# Task directions:
Among the entries that follow, some lines contain the word "moreover". Show all of them.

# Records from a data collection:
+---+
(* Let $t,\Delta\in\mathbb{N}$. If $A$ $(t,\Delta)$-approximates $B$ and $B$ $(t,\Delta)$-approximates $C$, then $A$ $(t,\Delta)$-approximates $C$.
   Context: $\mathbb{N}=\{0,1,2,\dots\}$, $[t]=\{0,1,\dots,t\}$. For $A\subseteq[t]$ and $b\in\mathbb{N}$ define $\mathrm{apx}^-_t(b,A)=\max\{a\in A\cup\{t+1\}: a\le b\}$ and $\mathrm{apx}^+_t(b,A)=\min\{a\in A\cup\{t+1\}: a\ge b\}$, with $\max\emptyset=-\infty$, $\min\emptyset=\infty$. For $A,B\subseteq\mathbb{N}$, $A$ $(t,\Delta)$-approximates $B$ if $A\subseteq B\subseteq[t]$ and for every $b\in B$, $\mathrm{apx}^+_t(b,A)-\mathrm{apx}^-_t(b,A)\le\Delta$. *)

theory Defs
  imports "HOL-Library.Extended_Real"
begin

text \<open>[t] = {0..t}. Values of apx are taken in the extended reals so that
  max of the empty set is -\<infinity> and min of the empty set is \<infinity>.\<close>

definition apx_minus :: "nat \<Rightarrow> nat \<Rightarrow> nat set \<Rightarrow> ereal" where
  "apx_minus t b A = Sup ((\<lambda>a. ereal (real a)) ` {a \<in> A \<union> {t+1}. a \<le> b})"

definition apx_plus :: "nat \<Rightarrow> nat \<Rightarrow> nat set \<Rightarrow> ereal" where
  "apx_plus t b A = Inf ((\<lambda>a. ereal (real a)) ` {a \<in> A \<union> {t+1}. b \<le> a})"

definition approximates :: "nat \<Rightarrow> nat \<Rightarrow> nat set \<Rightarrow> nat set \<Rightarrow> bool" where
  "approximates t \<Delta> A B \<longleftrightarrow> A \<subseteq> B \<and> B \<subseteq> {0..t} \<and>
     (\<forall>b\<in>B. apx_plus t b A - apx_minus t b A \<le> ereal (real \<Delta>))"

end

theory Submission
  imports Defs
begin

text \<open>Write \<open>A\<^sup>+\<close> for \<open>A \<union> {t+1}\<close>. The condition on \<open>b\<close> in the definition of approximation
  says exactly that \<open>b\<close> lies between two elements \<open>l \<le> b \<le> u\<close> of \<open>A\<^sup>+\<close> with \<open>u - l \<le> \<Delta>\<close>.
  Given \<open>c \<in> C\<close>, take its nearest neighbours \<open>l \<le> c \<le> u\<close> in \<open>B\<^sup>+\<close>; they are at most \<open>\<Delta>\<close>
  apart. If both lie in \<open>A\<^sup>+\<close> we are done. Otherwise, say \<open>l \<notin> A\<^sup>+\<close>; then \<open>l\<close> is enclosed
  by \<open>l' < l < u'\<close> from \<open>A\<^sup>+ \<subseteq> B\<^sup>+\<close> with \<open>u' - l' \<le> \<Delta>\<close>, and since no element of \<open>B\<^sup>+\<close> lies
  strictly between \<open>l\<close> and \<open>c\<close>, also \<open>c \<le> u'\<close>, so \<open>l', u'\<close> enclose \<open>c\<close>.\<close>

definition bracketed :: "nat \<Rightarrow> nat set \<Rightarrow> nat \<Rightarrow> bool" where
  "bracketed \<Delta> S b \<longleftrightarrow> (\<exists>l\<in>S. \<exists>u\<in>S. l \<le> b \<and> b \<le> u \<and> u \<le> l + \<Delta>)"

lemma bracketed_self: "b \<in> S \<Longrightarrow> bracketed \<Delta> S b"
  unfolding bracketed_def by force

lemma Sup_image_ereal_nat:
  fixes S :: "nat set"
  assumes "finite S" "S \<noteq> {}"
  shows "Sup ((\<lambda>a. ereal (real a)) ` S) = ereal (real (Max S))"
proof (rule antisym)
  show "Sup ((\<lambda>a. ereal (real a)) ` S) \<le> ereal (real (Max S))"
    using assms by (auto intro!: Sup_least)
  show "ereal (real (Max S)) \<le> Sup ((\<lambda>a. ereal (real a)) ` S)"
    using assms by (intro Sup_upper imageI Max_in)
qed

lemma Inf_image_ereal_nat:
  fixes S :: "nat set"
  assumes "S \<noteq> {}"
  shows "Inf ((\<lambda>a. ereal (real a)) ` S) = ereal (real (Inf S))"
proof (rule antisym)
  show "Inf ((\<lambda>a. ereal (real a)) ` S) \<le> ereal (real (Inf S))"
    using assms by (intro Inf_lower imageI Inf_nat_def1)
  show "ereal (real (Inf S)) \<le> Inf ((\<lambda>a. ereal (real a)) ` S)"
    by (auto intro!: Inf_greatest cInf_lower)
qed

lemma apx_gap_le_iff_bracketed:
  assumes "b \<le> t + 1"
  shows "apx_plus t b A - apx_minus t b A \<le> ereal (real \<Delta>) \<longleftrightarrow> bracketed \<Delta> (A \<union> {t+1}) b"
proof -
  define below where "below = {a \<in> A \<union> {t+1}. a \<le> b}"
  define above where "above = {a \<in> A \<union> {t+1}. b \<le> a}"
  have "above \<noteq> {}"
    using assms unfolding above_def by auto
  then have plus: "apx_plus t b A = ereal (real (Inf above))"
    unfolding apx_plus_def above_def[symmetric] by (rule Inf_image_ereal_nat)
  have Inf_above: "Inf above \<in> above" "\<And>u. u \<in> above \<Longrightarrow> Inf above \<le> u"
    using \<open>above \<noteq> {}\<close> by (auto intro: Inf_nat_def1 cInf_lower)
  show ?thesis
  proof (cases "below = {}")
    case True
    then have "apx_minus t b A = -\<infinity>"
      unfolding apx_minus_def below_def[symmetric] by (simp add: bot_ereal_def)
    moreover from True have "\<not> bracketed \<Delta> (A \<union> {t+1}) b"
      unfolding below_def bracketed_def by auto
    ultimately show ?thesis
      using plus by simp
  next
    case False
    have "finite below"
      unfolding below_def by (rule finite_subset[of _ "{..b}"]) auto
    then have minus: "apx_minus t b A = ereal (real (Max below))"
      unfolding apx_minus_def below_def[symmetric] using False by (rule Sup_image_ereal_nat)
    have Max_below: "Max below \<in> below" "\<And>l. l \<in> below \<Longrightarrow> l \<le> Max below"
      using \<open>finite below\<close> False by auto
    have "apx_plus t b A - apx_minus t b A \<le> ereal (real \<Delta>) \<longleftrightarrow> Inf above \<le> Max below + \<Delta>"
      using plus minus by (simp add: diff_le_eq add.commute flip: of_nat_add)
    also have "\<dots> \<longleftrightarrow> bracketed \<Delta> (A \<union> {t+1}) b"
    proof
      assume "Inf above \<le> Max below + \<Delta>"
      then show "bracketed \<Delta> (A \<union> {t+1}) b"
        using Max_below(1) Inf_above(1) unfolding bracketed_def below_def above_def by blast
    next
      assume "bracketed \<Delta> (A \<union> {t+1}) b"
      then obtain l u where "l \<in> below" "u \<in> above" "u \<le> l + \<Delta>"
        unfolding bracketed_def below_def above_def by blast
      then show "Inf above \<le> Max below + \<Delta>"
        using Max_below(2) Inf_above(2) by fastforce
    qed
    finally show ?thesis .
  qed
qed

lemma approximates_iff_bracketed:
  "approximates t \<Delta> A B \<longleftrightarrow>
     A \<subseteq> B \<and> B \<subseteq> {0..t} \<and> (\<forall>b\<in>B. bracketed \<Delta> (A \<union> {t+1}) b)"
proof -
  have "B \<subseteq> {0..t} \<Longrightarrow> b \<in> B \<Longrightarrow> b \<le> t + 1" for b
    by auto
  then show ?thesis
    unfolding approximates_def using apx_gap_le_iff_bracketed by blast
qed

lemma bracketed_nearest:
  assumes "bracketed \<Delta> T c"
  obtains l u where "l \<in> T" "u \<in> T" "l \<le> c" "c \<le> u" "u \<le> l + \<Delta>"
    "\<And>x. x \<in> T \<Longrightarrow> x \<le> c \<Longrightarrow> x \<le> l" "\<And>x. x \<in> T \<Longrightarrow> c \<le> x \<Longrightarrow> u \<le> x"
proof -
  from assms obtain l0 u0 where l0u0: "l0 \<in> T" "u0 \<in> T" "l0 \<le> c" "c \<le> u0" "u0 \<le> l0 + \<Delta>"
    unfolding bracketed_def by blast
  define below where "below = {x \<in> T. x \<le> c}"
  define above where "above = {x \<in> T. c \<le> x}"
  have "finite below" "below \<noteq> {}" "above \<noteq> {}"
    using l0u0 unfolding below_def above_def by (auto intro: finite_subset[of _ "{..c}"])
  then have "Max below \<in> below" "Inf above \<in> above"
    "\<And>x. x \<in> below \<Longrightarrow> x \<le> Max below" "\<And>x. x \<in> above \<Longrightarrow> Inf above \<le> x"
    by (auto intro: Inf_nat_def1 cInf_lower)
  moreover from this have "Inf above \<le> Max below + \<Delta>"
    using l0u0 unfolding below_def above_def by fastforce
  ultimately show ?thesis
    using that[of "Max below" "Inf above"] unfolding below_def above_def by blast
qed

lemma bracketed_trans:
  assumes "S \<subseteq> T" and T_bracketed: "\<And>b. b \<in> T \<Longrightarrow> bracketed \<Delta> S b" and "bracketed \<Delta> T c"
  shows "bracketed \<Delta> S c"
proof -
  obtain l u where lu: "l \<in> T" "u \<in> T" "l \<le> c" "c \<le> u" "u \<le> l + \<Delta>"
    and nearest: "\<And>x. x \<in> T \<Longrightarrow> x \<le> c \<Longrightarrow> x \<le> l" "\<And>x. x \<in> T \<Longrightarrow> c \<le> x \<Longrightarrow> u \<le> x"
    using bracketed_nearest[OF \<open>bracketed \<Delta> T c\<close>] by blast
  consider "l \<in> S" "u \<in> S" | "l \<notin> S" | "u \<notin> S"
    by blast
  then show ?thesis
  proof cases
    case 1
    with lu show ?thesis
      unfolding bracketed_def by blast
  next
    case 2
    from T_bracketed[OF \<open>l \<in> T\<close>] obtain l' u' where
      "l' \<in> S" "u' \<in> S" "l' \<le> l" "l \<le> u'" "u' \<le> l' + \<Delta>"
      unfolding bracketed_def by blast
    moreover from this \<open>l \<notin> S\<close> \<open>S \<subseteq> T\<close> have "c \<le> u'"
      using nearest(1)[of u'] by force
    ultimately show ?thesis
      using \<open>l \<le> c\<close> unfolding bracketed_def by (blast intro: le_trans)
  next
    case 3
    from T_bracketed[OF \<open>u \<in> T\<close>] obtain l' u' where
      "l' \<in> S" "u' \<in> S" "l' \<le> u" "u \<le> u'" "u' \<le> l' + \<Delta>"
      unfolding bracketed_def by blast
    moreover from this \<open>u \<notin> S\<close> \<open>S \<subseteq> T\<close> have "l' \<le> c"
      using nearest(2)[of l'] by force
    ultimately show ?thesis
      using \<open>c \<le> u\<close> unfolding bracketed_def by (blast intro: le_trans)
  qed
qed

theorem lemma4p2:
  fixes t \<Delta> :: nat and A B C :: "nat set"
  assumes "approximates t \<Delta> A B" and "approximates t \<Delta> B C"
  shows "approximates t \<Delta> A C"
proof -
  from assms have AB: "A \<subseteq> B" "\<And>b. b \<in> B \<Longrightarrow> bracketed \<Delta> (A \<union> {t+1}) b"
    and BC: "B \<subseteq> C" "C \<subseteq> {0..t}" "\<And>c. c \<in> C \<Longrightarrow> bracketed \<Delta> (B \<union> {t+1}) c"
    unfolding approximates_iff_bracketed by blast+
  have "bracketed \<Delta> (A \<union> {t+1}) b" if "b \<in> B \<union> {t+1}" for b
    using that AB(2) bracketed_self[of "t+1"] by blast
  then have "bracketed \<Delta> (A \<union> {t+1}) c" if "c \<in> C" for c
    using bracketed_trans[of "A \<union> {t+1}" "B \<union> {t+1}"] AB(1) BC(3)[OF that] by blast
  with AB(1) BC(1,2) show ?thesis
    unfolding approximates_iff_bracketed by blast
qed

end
+---+
# Output of the task:
    moreover from True have "\<not> bracketed \<Delta> (A \<union> {t+1}) b"
  moreover from this have "Inf above \<le> Max below + \<Delta>"
    moreover from this \<open>l \<notin> S\<close> \<open>S \<subseteq> T\<close> have "c \<le> u'"
    moreover from this \<open>u \<notin> S\<close> \<open>S \<subseteq> T\<close> have "l' \<le> c"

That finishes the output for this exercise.